5 leading practices for data lakes

June 1, 2016

by and


The right approach to data lakes is essential to ensure you get the most useful insights from your massive data stores.

Mars’ surface is dotted with depressions that may have once held lakes, captivating scientists who can study the areas to find clues to the planet’s history. A new form of lake is emerging on earth, and instead of water, it holds pools of data that provide data scientists with rich beds of fodder that can sharpen and speed executive decisions.

Yet as more companies start to use data lakes, the right approach is essential or transformative insights sink like stones beneath the murk of a data swamp. These five best practices can help you capitalize on the opportunity:

Take a business-centric approach

Many businesses dive in without a strategic perspective, which leads to mistakes and mismatched priorities. Start with a business-centric—and importantly, value-based iterative—approach to drive the lake architecture, design, and implementation. Ask these questions to help to ensure your data lake has a business-centric operating model:

  • How will the data lake create and capture value?
  • What skills do we need to manage the lake and its technologies, and to derive information, insight, and value?
  • What incentive model will foster innovation and new insights?
  • How will we prioritize new demands?
  • What services will the lake provide?
  • Do we need data discovery and ideation services via self-service?
  • How will we divide responsibility between business and IT?
  • Will we allow external access from strategic partners and vendors?
  • How will the data lake co-exist with other ecosystems (e.g., data warehouse, analytical applications)?
  • What is our operations and support strategy?
  • Will the platform extend to multiple geographies?

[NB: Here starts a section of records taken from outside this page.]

theorem lemma3p2:
  fixes \<Omega> :: "(real^2) set" and F :: "real^2 \<Rightarrow> real" and \<phi> :: "real \<Rightarrow> real"
    and a b \<mu> \<Lambda> lam R\<^sub>1 R\<^sub>2 :: real
  assumes "open \<Omega>" "connected \<Omega>" "bounded \<Omega>" "\<Omega> \<noteq> {}"
    and "F_assms F a b \<mu> \<Lambda>"
    and "lam > 0" and "0 < R\<^sub>1" and "R\<^sub>1 < R\<^sub>2"
    and "smooth1 \<phi>" and "antimono \<phi>"
    and "\<And>x. x \<le> R\<^sub>1 \<Longrightarrow> \<phi> x = 1" and "\<And>x. x \<ge> R\<^sub>2 \<Longrightarrow> \<phi> x = 0"
  shows "\<exists>u Du. W012 \<Omega> u Du \<and>
     set_integrable lborel \<Omega> (\<lambda>x. \<phi> (W012_norm \<Omega> Du) * exp (u x)) \<and>
     (1/2) * (\<integral>x\<in>\<Omega>. (F (Du x))\<^sup>2 \<partial>lborel)
       - lam * (\<integral>x\<in>\<Omega>. \<phi> (W012_norm \<Omega> Du) * exp (u x) \<partial>lborel)
     < - lam * measure lborel \<Omega>"
proof -
  obtain \<psi> where \<psi>: "test_fn \<Omega> \<psi>" "0 < (\<integral>x\<in>\<Omega>. \<psi> x \<partial>lborel)"
    using exists_test_fn_pos_integral[OF assms(1,3,4,9,10,8,11,12)] by blast
  define A where "A = (\<integral>x\<in>\<Omega>. (F (grad2 \<psi> x))\<^sup>2 \<partial>lborel)"
  obtain t where t: "t > 0" "t * W012_norm \<Omega> (grad2 \<psi>) \<le> R\<^sub>1"
    "t\<^sup>2 * A / 2 < t * (lam * (\<integral>x\<in>\<Omega>. \<psi> x \<partial>lborel))"
    using exists_small_scale \<psi>(2) assms(6,7) by (metis mult_pos_pos)
  define u where "u = (\<lambda>x. t * \<psi> x)"
  define Du where "Du = (\<lambda>x. t *\<^sub>R grad2 \<psi> x)"
  have "Du = grad2 u"
    using \<psi>(1) by (simp add: u_def Du_def test_fn_def grad2_cmult)
  then have "W012 \<Omega> u Du"
    using test_fn_W012[OF test_fn_cmult[OF \<psi>(1)]] by (simp add: u_def)
  moreover have "\<phi> (W012_norm \<Omega> Du) = 1"
    using t(1,2) assms(11) by (simp add: Du_def W012_norm_scaleR)
  moreover have "(\<integral>x\<in>\<Omega>. (F (Du x))\<^sup>2 \<partial>lborel) = t\<^sup>2 * A"
    using assms(5) by (simp add: F_assms_def Du_def A_def power_mult_distrib)
  moreover have exp_u: "set_integrable lborel \<Omega> (\<lambda>x. exp (u x))" "set_integrable lborel \<Omega> u"
    using \<psi>(1) smooth2_continuous assms(1,3) unfolding test_fn_def u_def
    by (auto intro!: continuous_set_integrable continuous_intros)
  moreover have "lam * (measure lborel \<Omega> + t * (\<integral>x\<in>\<Omega>. \<psi> x \<partial>lborel))
      \<le> lam * (\<integral>x\<in>\<Omega>. exp (u x) \<partial>lborel)"
    using set_integral_exp_ge[OF exp_u(2,1)] emeasure_bounded_finite[OF assms(3)] assms(1,6)
    by (simp add: u_def borel_open)
  ultimately show ?thesis
    using t(3) by (intro exI[of _ u] exI[of _ Du]) (auto simp: algebra_simps)
qed

end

The new “capability architect” is well-suited to take the lead in defining a holistic data lake operating model and services catalogue.

Talk to stakeholders early

Before building a data lake, talk to relevant stakeholders to understand priorities, and bake the findings into the strategy.

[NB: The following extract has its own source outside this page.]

(* Let $d\ge1$, $n\ge2$ be integers, $\kappa_d$ the volume of the $d$-dimensional unit ball, $V\ge0$, $c\in(0,\infty)$, $-d/2<\tau_1<\dots<\tau_n$ reals, $a_i=\tau_i+d$, $x_i=\tau_i+d/2$. Let $\Sigma_n^{\mathrm{sb}}$ have entries $\frac{Vd\kappa_d}{2(x_i+x_j)}$, $\Sigma_n^{\mathrm{sp}}$ entries $\frac{Vd^2\kappa_d^2}{a_ia_j}$, and $\Sigma_n=\Sigma_n^{\mathrm{sb}}+c\Sigma_n^{\mathrm{sp}}$ if $c\le1$, $\Sigma_n=\frac1c\Sigma_n^{\mathrm{sb}}+\Sigma_n^{\mathrm{sp}}$ if $c>1$. Write $\det(\Sigma_n-\lambda I_n)=(-1)^n\lambda^n+a_n^{(n-1)}\lambda^{n-1}+\dots+a_n^{(1)}\lambda+a_n^{(0)}$. For $k\in[n-1]$ and $I=\{i_1<\dots<i_{n-k}\}\subseteq[n]$ define $$D(I)=\Bigg(1+\sum_{j\in I}\frac{cd\kappa_d}{a_j}\Bigg(\frac{4x_j\prod_{m\in I\setminus\{j\}}(x_m+x_j)^2}{a_j\prod_{m\in I\setminus\{j\}}(x_m-x_j)^2}-\sum_{i\in I\setminus\{j\}}\frac{8x_ix_j(x_i+x_j)\prod_{l\in I\setminus\{i,j\},\,m\in\{i,j\}}(x_m+x_l)}{a_i(x_j-x_i)^2\prod_{l\in I\setminus\{i,j\},\,m\in\{i,j\}}(x_m-x_l)}\Bigg)\Bigg)\frac{\prod_{i<j\in I}(x_i-x_j)^2}{\prod_{i,j\in I}(x_i+x_j)},$$ and $D_k=\sum_{I\subseteq[n],\,|I|=n-k}D(I)$. Then $a_n^{(k)}=(-1)^kD_k\big(\frac{Vd\kappa_d}{2}\big)^{n-k}$ for $c\in(0,1]$, and $a_n^{(k)}=(-1)^kD_k\big(\frac{Vd\kappa_d}{2c}\big)^{n-k}$ for $c\in(1,\infty)$, for all $k\in[n-1]$.
   Context: $\Sigma_n$ is the asymptotic covariance matrix of normalized length power functionals in the critical regime. $[n]=\{1,\dots,n\}$. *)

theory Defs
  imports "HOL-Analysis.Ball_Volume" "Jordan_Normal_Form.Determinant"
begin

A Media & Entertainment client initially wanted to use a data lake to store massive volumes of digital data, perform complex computations, and deliver information to downstream applications. IT set to work without first connecting with business stakeholders to confirm their needs, which included self-service data discovery and other analytics capabilities. This feedback delayed implementation by six months.

Identify the right technologies

Identify the desired native technology components—primarily open source and other third-party commercial technologies with the right deployment model (cloud vs. on premise). Many capabilities like metadata management, semantic analytics, and visualization tools are still evolving in the open source space. Too often, businesses try to design a modern data lake based on traditional approaches; e.g., building cumbersome data models and selecting a data integration engine that doesn’t leverage native capabilities of Hadoop.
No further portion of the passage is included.